§ **Task**: Restate word for word the lines of the records below, starting at the line that contains "by (simp add: sum.distrib" and ending at the line that contains "proof (cases a; cases b)", with both of those lines included and nothing else.

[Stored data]
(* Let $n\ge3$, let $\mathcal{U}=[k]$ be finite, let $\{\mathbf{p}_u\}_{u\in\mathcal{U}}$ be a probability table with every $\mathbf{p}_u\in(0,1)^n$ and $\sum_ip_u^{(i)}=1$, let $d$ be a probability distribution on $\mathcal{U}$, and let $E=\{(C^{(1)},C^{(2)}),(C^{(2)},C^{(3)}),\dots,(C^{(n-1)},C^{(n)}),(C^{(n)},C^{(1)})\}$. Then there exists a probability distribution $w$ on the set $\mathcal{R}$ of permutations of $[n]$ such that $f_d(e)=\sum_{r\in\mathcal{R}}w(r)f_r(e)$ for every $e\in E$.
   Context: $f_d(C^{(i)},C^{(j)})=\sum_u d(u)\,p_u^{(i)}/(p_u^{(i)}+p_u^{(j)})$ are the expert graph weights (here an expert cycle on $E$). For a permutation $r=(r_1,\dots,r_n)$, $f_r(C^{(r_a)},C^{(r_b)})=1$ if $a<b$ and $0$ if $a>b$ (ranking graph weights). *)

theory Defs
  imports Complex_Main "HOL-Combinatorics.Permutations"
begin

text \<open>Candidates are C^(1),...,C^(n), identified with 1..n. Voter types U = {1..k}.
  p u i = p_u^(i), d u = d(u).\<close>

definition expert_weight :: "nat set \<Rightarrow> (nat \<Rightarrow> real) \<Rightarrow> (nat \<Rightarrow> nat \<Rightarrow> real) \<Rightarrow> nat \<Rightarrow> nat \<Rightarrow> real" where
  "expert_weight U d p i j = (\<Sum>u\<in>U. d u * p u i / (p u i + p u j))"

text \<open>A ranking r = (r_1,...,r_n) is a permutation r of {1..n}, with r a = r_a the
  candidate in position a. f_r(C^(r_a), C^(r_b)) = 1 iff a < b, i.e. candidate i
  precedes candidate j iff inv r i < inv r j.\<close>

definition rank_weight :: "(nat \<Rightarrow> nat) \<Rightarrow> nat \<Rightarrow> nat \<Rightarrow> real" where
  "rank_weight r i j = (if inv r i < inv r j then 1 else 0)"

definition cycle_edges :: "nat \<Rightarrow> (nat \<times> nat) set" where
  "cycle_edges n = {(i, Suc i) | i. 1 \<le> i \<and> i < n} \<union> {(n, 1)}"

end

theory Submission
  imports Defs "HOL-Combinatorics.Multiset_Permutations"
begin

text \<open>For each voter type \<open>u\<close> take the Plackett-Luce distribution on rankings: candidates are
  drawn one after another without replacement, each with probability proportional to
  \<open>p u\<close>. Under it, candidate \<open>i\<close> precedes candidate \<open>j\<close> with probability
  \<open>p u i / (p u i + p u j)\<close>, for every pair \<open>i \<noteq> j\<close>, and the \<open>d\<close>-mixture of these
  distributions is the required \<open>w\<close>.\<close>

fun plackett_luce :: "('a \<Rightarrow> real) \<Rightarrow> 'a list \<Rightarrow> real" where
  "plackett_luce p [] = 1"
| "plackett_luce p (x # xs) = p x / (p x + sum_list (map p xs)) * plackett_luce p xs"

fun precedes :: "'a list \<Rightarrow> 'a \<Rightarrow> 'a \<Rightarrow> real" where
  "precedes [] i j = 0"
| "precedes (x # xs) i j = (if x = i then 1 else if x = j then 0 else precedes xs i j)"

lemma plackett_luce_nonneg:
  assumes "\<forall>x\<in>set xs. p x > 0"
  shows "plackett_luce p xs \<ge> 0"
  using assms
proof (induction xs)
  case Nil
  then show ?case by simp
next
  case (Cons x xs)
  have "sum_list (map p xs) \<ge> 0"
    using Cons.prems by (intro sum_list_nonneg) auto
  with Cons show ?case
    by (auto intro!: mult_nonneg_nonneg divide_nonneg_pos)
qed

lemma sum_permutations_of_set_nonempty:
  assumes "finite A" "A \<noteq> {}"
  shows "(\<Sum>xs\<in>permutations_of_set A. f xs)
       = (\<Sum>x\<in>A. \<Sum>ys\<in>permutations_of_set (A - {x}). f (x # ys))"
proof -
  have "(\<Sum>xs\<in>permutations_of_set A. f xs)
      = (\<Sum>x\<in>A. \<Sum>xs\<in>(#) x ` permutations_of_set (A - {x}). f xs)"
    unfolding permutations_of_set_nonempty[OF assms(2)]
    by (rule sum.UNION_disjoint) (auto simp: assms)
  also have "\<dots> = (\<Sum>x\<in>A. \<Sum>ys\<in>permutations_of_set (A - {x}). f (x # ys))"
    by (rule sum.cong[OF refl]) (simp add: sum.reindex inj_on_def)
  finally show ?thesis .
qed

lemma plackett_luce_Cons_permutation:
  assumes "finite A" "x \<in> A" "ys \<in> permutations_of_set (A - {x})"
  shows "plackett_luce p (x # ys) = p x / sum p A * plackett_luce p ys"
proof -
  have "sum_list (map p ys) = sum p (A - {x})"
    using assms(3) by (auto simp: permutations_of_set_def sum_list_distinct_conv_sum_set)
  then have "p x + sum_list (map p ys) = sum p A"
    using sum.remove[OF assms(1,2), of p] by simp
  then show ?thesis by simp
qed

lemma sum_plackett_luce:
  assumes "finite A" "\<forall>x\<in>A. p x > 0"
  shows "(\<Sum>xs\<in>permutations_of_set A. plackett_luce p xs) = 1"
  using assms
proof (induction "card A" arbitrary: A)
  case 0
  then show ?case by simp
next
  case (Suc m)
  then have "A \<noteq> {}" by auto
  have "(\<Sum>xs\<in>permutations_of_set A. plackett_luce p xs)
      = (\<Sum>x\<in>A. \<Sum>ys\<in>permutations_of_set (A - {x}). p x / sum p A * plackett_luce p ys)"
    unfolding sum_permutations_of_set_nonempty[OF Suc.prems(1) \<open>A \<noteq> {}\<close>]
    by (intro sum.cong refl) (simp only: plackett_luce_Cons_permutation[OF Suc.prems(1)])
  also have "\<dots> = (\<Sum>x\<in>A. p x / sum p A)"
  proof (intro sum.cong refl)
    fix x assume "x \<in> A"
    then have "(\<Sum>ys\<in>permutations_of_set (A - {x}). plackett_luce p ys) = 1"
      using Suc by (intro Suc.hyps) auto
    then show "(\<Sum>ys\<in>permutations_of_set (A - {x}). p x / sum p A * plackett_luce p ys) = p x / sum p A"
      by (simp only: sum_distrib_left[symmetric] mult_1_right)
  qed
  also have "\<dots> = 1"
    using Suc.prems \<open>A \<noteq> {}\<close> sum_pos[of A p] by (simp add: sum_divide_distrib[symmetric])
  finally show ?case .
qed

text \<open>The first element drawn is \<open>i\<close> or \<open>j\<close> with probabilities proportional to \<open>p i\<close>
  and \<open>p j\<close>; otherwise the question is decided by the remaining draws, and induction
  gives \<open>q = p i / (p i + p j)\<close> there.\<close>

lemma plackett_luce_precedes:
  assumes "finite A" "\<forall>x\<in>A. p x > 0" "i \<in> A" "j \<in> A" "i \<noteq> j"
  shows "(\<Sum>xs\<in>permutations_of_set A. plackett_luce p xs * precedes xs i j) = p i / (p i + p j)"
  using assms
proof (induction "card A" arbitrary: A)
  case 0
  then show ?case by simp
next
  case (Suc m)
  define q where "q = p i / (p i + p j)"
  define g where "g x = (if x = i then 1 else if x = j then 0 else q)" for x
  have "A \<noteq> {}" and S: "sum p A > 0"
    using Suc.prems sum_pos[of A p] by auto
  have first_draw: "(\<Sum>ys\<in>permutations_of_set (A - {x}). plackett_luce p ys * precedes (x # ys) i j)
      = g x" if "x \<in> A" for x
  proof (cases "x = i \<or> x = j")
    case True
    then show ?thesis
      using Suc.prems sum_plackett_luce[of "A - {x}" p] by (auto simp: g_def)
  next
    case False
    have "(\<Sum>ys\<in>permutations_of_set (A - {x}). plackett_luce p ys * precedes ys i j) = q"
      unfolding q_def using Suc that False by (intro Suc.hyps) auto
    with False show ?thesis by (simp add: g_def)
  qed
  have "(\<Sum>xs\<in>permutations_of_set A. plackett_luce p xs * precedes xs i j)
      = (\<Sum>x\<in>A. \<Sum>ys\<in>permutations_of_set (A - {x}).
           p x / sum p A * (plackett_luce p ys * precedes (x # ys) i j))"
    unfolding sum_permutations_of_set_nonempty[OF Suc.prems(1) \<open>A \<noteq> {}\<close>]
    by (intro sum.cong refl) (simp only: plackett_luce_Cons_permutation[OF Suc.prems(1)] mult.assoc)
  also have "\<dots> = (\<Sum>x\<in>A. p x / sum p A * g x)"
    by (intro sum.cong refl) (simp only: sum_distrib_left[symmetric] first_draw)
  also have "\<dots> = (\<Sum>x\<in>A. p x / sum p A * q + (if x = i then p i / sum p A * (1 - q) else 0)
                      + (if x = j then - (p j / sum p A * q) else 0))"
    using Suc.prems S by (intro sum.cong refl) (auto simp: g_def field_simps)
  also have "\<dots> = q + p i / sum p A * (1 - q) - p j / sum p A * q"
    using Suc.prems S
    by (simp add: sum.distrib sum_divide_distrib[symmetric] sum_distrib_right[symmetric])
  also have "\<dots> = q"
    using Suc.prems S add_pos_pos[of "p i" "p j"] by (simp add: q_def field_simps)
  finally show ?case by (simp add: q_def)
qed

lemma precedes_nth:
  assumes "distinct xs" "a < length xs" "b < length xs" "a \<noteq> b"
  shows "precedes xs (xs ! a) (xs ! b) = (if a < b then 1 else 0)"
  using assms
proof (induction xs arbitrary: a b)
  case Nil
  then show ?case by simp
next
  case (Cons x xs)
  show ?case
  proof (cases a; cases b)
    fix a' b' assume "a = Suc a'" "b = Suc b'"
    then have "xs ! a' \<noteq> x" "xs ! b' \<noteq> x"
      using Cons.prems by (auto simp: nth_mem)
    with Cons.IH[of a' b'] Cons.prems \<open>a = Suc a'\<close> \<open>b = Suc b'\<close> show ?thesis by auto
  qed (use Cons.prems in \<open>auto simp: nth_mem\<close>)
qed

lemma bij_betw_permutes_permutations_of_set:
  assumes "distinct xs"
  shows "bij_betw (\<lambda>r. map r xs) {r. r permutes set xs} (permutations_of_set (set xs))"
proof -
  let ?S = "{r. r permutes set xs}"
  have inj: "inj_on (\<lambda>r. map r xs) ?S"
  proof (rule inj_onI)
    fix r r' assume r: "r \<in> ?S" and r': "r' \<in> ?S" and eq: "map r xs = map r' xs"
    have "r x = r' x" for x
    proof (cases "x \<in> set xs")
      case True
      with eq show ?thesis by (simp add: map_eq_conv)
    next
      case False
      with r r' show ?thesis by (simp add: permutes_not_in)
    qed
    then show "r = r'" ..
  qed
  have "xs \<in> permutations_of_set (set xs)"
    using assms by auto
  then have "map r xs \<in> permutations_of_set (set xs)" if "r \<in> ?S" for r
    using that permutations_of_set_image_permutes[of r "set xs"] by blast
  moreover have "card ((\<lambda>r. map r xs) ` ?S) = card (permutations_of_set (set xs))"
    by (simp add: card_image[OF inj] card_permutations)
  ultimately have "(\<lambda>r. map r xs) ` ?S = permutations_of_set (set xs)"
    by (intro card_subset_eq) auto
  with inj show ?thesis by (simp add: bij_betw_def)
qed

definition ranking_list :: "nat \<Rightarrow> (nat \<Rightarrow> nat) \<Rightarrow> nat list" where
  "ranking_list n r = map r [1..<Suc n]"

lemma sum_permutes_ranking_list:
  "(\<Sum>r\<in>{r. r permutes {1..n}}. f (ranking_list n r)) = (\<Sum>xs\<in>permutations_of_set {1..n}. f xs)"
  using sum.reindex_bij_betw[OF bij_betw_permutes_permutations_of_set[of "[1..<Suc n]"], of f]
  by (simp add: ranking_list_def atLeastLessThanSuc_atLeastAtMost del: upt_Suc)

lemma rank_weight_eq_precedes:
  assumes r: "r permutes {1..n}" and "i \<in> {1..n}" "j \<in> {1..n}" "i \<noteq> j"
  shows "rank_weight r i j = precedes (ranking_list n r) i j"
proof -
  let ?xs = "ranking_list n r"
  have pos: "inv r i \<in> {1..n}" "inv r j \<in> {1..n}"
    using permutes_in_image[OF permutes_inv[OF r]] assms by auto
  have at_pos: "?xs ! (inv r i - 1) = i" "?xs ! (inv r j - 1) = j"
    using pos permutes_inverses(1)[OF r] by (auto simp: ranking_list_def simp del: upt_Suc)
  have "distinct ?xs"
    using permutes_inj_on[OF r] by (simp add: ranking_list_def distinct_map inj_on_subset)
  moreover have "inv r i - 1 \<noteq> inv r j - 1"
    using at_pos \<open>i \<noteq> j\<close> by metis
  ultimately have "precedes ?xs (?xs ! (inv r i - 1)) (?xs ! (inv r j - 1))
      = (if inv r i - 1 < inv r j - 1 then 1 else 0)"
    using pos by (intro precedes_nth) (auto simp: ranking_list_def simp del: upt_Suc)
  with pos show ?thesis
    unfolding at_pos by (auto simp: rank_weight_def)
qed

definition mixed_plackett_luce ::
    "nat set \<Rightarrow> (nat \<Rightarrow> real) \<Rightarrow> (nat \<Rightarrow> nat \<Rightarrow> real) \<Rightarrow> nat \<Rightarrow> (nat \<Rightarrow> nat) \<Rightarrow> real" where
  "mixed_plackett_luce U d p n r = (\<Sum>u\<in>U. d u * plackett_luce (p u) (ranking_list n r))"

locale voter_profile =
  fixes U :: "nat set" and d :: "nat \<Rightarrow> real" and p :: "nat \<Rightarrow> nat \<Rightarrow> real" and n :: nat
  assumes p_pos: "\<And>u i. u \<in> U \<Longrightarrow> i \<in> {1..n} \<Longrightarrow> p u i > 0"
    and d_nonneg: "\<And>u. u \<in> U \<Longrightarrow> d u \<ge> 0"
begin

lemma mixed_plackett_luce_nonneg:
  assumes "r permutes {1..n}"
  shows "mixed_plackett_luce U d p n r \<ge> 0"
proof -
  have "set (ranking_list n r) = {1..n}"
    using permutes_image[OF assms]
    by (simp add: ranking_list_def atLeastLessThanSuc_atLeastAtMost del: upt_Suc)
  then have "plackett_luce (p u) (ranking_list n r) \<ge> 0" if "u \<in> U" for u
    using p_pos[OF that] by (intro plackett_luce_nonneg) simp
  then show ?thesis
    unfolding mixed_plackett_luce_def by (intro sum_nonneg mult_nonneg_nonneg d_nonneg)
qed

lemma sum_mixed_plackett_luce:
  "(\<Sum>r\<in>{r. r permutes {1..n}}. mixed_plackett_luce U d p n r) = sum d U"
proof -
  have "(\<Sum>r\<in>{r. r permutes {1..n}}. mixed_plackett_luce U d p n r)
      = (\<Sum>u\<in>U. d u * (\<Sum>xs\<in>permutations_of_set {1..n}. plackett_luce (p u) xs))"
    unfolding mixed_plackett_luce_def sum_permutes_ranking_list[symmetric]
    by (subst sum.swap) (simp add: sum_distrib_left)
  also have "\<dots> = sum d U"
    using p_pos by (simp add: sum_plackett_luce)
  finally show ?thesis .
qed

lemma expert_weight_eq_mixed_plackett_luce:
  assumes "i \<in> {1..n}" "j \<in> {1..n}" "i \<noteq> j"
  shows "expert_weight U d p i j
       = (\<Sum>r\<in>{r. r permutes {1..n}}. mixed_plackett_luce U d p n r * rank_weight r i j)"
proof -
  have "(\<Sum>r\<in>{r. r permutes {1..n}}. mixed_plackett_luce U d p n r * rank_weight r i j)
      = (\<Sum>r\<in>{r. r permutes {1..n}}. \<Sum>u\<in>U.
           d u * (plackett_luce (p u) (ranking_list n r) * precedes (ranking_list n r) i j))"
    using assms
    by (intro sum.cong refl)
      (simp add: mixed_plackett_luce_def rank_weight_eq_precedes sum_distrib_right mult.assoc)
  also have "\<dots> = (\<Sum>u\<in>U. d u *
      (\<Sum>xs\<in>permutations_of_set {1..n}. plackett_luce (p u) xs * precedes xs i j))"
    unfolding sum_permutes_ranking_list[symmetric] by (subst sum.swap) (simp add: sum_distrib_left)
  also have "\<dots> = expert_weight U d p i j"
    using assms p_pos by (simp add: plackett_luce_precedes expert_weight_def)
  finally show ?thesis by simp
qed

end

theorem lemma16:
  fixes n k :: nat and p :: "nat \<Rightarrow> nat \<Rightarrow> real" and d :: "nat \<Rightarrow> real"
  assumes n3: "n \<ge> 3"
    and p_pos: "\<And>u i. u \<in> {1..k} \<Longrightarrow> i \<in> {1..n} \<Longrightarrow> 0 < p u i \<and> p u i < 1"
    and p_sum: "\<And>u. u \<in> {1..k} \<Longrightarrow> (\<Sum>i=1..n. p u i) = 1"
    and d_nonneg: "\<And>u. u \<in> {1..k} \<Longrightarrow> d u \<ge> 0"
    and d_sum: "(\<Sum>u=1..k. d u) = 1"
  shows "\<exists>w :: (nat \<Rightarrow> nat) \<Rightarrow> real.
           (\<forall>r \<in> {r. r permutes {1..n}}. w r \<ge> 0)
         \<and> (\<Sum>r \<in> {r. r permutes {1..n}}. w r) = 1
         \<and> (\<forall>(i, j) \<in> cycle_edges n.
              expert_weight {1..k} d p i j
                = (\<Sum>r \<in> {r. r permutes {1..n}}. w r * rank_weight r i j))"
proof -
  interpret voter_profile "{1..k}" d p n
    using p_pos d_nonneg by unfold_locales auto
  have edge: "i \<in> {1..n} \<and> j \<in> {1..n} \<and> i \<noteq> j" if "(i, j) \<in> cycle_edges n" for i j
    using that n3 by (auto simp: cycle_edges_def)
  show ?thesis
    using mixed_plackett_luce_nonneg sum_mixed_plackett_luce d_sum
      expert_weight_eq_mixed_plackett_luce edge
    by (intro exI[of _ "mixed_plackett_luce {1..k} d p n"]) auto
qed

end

§ **Answer section**:
    by (simp add: sum.distrib sum_divide_distrib[symmetric] sum_distrib_right[symmetric])
  also have "\<dots> = q"
    using Suc.prems S add_pos_pos[of "p i" "p j"] by (simp add: q_def field_simps)
  finally show ?case by (simp add: q_def)
qed

lemma precedes_nth:
  assumes "distinct xs" "a < length xs" "b < length xs" "a \<noteq> b"
  shows "precedes xs (xs ! a) (xs ! b) = (if a < b then 1 else 0)"
  using assms
proof (induction xs arbitrary: a b)
  case Nil
  then show ?case by simp
next
  case (Cons x xs)
  show ?case
  proof (cases a; cases b)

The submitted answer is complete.